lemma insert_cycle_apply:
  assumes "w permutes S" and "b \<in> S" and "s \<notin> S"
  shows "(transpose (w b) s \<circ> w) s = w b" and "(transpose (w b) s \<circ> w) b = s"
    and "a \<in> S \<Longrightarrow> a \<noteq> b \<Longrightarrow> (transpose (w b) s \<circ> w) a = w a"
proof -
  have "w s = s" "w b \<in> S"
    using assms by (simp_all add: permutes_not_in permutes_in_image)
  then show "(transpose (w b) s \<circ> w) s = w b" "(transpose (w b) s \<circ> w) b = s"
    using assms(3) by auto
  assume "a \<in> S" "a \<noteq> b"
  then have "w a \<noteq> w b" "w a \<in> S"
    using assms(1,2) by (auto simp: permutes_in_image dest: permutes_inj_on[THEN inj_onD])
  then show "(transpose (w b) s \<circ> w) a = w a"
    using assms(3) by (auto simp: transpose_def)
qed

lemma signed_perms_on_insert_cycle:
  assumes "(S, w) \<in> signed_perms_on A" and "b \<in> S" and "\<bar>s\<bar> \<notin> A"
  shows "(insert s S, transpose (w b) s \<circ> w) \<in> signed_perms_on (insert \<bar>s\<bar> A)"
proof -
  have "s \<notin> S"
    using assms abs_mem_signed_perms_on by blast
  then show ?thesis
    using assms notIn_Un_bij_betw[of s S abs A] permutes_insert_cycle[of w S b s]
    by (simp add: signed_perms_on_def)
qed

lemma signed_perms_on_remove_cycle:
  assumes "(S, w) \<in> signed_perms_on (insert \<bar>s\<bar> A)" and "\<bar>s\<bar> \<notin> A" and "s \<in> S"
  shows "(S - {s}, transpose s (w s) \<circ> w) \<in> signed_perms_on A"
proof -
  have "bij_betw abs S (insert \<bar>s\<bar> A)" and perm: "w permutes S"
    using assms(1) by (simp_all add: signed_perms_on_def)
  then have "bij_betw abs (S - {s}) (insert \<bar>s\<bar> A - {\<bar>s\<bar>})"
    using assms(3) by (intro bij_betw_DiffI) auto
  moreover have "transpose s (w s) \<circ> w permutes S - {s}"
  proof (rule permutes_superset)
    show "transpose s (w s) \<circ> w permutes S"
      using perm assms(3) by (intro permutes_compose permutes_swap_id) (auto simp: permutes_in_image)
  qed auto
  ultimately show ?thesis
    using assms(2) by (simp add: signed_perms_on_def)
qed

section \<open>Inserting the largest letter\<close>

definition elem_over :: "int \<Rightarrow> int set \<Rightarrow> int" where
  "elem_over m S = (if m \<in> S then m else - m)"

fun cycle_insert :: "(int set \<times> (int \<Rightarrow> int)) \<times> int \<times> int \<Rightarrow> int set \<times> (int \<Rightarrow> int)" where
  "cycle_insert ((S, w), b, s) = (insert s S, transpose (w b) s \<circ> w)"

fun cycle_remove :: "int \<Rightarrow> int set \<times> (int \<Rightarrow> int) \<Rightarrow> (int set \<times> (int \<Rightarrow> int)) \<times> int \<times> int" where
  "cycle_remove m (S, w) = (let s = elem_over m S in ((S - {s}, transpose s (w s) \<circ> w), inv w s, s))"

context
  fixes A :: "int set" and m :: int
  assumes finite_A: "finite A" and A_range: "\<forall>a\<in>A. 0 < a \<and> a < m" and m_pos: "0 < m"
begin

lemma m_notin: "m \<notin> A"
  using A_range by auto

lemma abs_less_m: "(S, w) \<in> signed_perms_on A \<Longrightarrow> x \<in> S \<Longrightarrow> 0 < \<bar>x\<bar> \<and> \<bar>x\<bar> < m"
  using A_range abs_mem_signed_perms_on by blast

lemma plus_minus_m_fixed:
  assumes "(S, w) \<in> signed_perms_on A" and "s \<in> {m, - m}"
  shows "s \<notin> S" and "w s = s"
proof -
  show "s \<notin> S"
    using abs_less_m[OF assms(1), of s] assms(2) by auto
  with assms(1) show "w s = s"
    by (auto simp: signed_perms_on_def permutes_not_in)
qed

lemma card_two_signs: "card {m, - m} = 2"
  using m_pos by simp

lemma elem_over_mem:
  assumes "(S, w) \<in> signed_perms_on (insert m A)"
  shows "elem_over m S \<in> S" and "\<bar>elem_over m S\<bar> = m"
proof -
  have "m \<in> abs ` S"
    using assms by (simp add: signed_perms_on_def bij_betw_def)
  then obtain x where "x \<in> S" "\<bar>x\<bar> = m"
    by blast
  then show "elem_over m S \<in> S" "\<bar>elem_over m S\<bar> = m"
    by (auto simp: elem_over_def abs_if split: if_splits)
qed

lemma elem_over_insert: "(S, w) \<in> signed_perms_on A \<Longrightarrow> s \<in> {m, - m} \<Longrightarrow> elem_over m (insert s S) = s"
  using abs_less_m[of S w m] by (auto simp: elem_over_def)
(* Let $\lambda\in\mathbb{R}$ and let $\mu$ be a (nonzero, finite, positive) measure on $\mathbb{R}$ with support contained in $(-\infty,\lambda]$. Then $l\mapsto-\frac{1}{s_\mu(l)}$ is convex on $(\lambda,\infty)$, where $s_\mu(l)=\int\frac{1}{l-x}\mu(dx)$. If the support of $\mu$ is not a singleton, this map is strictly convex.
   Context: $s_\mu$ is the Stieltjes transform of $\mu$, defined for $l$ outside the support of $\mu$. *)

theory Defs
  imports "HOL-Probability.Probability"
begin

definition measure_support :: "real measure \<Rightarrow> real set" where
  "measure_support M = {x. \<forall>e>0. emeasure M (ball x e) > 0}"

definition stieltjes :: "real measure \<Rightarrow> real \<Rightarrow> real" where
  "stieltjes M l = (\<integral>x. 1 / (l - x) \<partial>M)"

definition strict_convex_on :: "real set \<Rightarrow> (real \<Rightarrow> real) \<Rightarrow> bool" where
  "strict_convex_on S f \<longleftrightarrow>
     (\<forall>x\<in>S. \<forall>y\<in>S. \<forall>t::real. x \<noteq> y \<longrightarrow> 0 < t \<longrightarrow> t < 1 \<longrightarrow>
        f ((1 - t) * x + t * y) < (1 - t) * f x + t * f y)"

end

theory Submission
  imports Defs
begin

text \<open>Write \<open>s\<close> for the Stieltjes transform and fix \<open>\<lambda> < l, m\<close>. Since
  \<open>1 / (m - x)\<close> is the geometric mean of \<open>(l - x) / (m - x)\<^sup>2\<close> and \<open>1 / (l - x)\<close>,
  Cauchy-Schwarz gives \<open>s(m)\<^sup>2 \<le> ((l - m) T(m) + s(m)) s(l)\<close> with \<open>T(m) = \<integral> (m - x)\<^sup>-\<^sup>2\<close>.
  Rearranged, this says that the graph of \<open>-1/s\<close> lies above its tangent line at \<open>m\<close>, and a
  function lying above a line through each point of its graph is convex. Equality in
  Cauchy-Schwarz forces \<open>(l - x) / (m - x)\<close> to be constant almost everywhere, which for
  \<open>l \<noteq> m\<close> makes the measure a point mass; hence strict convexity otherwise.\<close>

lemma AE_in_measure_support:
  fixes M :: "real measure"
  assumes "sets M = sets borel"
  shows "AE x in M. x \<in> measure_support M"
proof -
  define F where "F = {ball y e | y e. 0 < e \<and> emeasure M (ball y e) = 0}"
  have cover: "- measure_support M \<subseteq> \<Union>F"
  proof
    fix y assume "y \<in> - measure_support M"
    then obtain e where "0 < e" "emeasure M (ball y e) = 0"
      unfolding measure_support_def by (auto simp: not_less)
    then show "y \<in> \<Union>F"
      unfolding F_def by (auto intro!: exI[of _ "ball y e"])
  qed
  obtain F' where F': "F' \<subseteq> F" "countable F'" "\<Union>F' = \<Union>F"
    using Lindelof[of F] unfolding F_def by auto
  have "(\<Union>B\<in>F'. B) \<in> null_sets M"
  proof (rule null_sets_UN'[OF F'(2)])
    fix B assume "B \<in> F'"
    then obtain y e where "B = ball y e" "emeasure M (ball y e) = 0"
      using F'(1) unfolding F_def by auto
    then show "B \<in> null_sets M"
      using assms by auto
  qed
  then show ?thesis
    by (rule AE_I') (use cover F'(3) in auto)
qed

• **What is expected**
Where in the records does the string "obtain" appear? Copy every line that has it.

• **Answer box**
  then obtain x where "x \<in> S" "\<bar>x\<bar> = m"
    then obtain e where "0 < e" "emeasure M (ball y e) = 0"
  obtain F' where F': "F' \<subseteq> F" "countable F'" "\<Union>F' = \<Union>F"
    then obtain y e where "B = ball y e" "emeasure M (ball y e) = 0"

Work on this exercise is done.